Apply one-hot encoding to categorical variables.

### Step 6.3: Combine Pipelines Using ColumnTransformer

In [9]:
preprocessor = ColumnTransformer(
    transformers=[
        ('num', numeric_transformer, numerical_features),
        ('cat', categorical_transformer, categorical_features)
    ])


### Explanation
The ColumnTransformer applies different transformations to numerical and categorical features.

### Step 7: Fit and Transform the Data
We now fit the preprocessing pipelines to the data and transform the features.

In [10]:
X_processed = preprocessor.fit_transform(X)


### Explanation
The transformed dataset is now ready for model training.

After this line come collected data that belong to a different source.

(* For sub-Gaussian Y with E Y^2 = 1, the moment bound E Y^(2k) <= 2 e^k k! gives
   E exp (theta Y^2) <= exp (theta + 35 theta^2) for theta <= 1/5.  So ||X||^2, a sum of n
   independent such squares, satisfies E exp (theta ||X||^2) <= exp (n (theta + 35 theta^2)), and
   Chernoff's bound with theta = min (u / (70 n)) (1/5) gives the first estimate.
   For a fixed vector v /= 0 the m coordinates of S v / ||v|| are again independent, sub-Gaussian
   with parameter 1 and of unit variance, so ||S v||^2 / ||v||^2 = m ||A v||^2 / ||v||^2 obeys the
   same bound with m in place of n.  Since X is independent of S, integrating over X preserves
   this bound, and the same Chernoff argument gives the second estimate. *)

lemma power_div_fact_le_exp:
  fixes y :: real assumes "0 \<le> y" shows "y ^ k / fact k \<le> exp y"
proof -
  have "(\<lambda>i. y ^ i /\<^sub>R fact i) sums exp y" by (rule exp_converges)
  then have "sum (\<lambda>i. y ^ i /\<^sub>R fact i) {k} \<le> exp y"
    using assms sum_le_suminf[of "\<lambda>i. y ^ i /\<^sub>R fact i" "{k}"] by (auto simp: sums_iff)
  then show ?thesis by (simp add: divide_inverse mult.commute)
qed

lemma even_power_le_exp_plus_exp_neg:
  fixes w :: real
  shows "w ^ (2 * k) \<le> fact (2 * k) / (2 * real k) ^ k
           * (exp (sqrt (2 * real k) * w) + exp (- sqrt (2 * real k) * w))"
proof -
  define l where "l = sqrt (2 * real k)"
  have pos: "(2 * real k) ^ k > 0" by (cases k) auto
  have "(l * w) ^ (2 * k) / fact (2 * k) = \<bar>l * w\<bar> ^ (2 * k) / fact (2 * k)"
    by (simp add: power_even_abs)
  also have "\<dots> \<le> exp \<bar>l * w\<bar>" by (rule power_div_fact_le_exp) simp
  also have "\<dots> \<le> exp (l * w) + exp (- l * w)"
    using exp_gt_zero[of "l * w"] exp_gt_zero[of "- l * w"] by (auto simp: abs_if)
  finally have "(l * w) ^ (2 * k) \<le> fact (2 * k) * (exp (l * w) + exp (- l * w))"
    by (simp add: divide_le_eq mult.commute)
  moreover have "(l * w) ^ (2 * k) = (2 * real k) ^ k * w ^ (2 * k)"
    by (simp add: l_def power_mult_distrib power_mult)
  ultimately show ?thesis
    using pos by (simp add: l_def le_divide_eq mult.commute)
qed

lemma exp_le_Taylor_quadratic_nonpos:
  fixes z :: real assumes "z \<le> 0" shows "exp z \<le> 1 + z + z\<^sup>2 / 2"
proof -
  obtain s where s: "exp z = (\<Sum>i<3. z ^ i / fact i) + exp s / fact 3 * z ^ 3"
    using Maclaurin_exp_le by blast
  have "(\<Sum>i<3. z ^ i / fact i) = 1 + z + z\<^sup>2 / 2"
    by (simp add: numeral_3_eq_3 numeral_2_eq_2)
  moreover have "exp s / fact 3 * z ^ 3 \<le> 0"
    using assms by (intro mult_nonneg_nonpos) (simp_all add: power_le_zero_eq)
  ultimately show ?thesis using s by linarith
qed

lemma fact_double_le: "fact (2 * k) \<le> (fact k :: real) * (2 * real k) ^ k"
proof -
  have "fact (2 * k) = fact k * (fact (2 * k) div fact k :: nat)"
    by (simp add: fact_dvd)
  also have "\<dots> \<le> fact k * (2 * k) ^ k"
    using fact_div_fact_le_pow[of k "2 * k"] by simp
  finally have "real (fact (2 * k)) \<le> real (fact k * (2 * k) ^ k)"
    by (rule of_nat_mono)
  then show ?thesis by simp
qed

lemma subgaussian_measurable: "subgaussian M v W \<Longrightarrow> W \<in> borel_measurable M"
proof -
  assume "subgaussian M v W"
  then have "integrable M (\<lambda>\<omega>. exp (1 * W \<omega>))" by (simp only: subgaussian_def)
  then have "(\<lambda>\<omega>. ln (exp (1 * W \<omega>))) \<in> borel_measurable M"
    by (intro borel_measurable_ln borel_measurable_integrable)
  then show ?thesis by simp
qed

lemma nn_integral_exp_square_eq_suminf:
  fixes W :: "'a \<Rightarrow> real"
  assumes [measurable]: "W \<in> borel_measurable M" and "0 \<le> \<theta>"
  shows "(\<integral>\<^sup>+\<omega>. ennreal (exp (\<theta> * (W \<omega>)\<^sup>2)) \<partial>M)
           = (\<Sum>k. \<integral>\<^sup>+\<omega>. ennreal (\<theta> ^ k / fact k * W \<omega> ^ (2 * k)) \<partial>M)"
proof -
  have term_nonneg: "0 \<le> \<theta> ^ k / fact k * W \<omega> ^ (2 * k)" for k \<omega>
    using assms(2) by (simp add: power_mult)
  have "(\<lambda>k. \<theta> ^ k / fact k * W \<omega> ^ (2 * k)) sums exp (\<theta> * (W \<omega>)\<^sup>2)" for \<omega>
  proof -
    have "(\<theta> * (W \<omega>)\<^sup>2) ^ k /\<^sub>R fact k = \<theta> ^ k / fact k * W \<omega> ^ (2 * k)" for k
      by (simp add: power_mult power_mult_distrib divide_inverse)
    then show ?thesis using exp_converges[of "\<theta> * (W \<omega>)\<^sup>2"] by simp
  qed
  then have "ennreal (exp (\<theta> * (W \<omega>)\<^sup>2)) = (\<Sum>k. ennreal (\<theta> ^ k / fact k * W \<omega> ^ (2 * k)))" for \<omega>
    using term_nonneg by (simp add: suminf_ennreal2 sums_iff)
  then show ?thesis
    by (simp add: nn_integral_suminf)
qed

lemma suminf_moment_series_le:
  fixes b :: "nat \<Rightarrow> real" and \<theta> :: real
  assumes b_nonneg: "\<And>k. 0 \<le> b k" and b_le: "\<And>k. b k \<le> 2 * (exp 1 * \<theta>) ^ k"
    and "b 0 + b 1 = 1 + \<theta>" and \<theta>: "0 \<le> \<theta>" "\<theta> \<le> 1/5"
  shows "summable b" and "suminf b \<le> 1 + \<theta> + 35 * \<theta>\<^sup>2"
proof -
  define x where "x = exp 1 * \<theta>"
  have "exp 1 * \<theta> \<le> 272/100 * (1/5)"
    using \<theta> e_less_272 by (intro mult_mono) auto
  then have x: "0 \<le> x" "x \<le> 14/25"
    using \<theta> by (auto simp: x_def)
  have tail_le: "b (k + 2) \<le> 2 * x\<^sup>2 * x ^ k" for k
  proof -
    have "b (k + 2) \<le> 2 * x ^ (k + 2)" unfolding x_def by (rule b_le)
    also have "\<dots> = 2 * x\<^sup>2 * x ^ k" by (simp add: power_add power2_eq_square)
    finally show ?thesis .
  qed
  have geometric: "(\<lambda>k. 2 * x\<^sup>2 * x ^ k) sums (2 * x\<^sup>2 / (1 - x))"
    using sums_mult[OF geometric_sums, of x "2 * x\<^sup>2"] x by simp
  have tail_summable: "summable (\<lambda>k. b (k + 2))"
    using b_nonneg tail_le by (intro summable_comparison_test'[OF sums_summable[OF geometric]]) auto
  then show summable: "summable b"
    by (rule summable_iff_shift[THEN iffD1])
  have "2 * x\<^sup>2 / (1 - x) \<le> 35 * \<theta>\<^sup>2"
  proof -
    have "exp 1 ^ 2 \<le> (272 / 100 :: real) ^ 2"
      using e_less_272 by (intro power_mono) auto
    then have "exp 1 ^ 2 * \<theta>\<^sup>2 \<le> 15/2 * \<theta>\<^sup>2"
      by (intro mult_right_mono) (auto simp: power2_eq_square)
    moreover have "35 * \<theta>\<^sup>2 * (11/25) \<le> 35 * \<theta>\<^sup>2 * (1 - x)"
      using x by (intro mult_left_mono) auto
    moreover have "x\<^sup>2 = exp 1 ^ 2 * \<theta>\<^sup>2"
      by (simp add: x_def power_mult_distrib)
    ultimately have "2 * x\<^sup>2 \<le> 35 * \<theta>\<^sup>2 * (1 - x)"
      using zero_le_power2[of \<theta>] by linarith
    then show ?thesis using x by (simp add: divide_le_eq)
  qed
  have "suminf b = (\<Sum>k. b (k + 2)) + (b 0 + b 1)"
    using suminf_split_initial_segment[OF summable, of 2] by (simp add: numeral_2_eq_2)
  also have "(\<Sum>k. b (k + 2)) \<le> (\<Sum>k. 2 * x\<^sup>2 * x ^ k)"
    using tail_le tail_summable geometric by (intro suminf_le) (auto simp: sums_iff)
  also have "\<dots> = 2 * x\<^sup>2 / (1 - x)"
    using geometric by (simp add: sums_iff)
  also have "b 0 + b 1 = 1 + \<theta>"
    by fact
  finally show "suminf b \<le> 1 + \<theta> + 35 * \<theta>\<^sup>2"
    using \<open>2 * x\<^sup>2 / (1 - x) \<le> 35 * \<theta>\<^sup>2\<close> by linarith
qed

lemma Chernoff_exponent_optimise:
  fixes N u p :: real
  assumes "N > 0" "u > 0"
    and bound: "\<And>\<theta>. 0 < \<theta> \<Longrightarrow> \<theta> \<le> 1/5 \<Longrightarrow> p \<le> exp (35 * N * \<theta>\<^sup>2 - \<theta> * u)"
  shows "p < exp (- min (u\<^sup>2 / (160 * N)) (u / 10))"
proof (cases "u \<le> 14 * N")
  case True
  define \<theta> where "\<theta> = u / (70 * N)"
  have "p \<le> exp (35 * N * \<theta>\<^sup>2 - \<theta> * u)"
    using True assms by (intro bound) (simp_all add: \<theta>_def field_simps)
  also have "35 * N * \<theta>\<^sup>2 - \<theta> * u = - (u\<^sup>2 / (140 * N))"
    using assms by (simp add: \<theta>_def power2_eq_square field_simps)
  also have "u\<^sup>2 / (160 * N) < u\<^sup>2 / (140 * N)"
    using assms by (intro divide_strict_left_mono) auto
  then have "exp (- (u\<^sup>2 / (140 * N))) < exp (- min (u\<^sup>2 / (160 * N)) (u / 10))"
    by simp
  finally show ?thesis .
next
  case False
  have "p \<le> exp (35 * N * (1/5)\<^sup>2 - 1/5 * u)"
    by (rule bound) auto
  also have "\<dots> < exp (- min (u\<^sup>2 / (160 * N)) (u / 10))"
    using False by (simp add: power2_eq_square)
  finally show ?thesis .
qed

### Step 8: Split the Dataset into Training and Testing Sets
We'll split the processed data into training and testing sets.

In [11]:
X_train, X_test, y_train, y_test = train_test_split(
    X_processed, y, test_size=0.2, random_state=42, stratify=y
)


### Explanation
80% of the data is used for training, and 20% for testing.

stratify=y ensures that both sets maintain the same class distribution as the original data.

### Step 9: Display Dataset Shapes
Finally, we'll print the shapes of the training and testing sets to verify our preprocessing.

In [12]:
print("Training set shape:", X_train.shape)
print("Testing set shape:", X_test.shape)
print("Training labels shape:", y_train.shape)
print("Testing labels shape:", y_test.shape)


Training set shape: (242, 28)
Testing set shape: (61, 28)
Training labels shape: (242,)
Testing labels shape: (61,)


### Summary
In this tutorial, we walked through the complete preprocessing pipeline for the Heart Disease dataset. 
The following steps were covered:

>Handling missing values using median and most frequent value imputation.

>Encoding categorical variables using one-hot encoding.

>Scaling numerical variables with StandardScaler.

>Splitting the dataset into training and testing sets using train_test_split.

>This preprocessed dataset is now ready to be used with machine learning algorithms for building predictive models. 

>You can further explore different algorithms like logistic regression, decision trees, or neural networks on this data.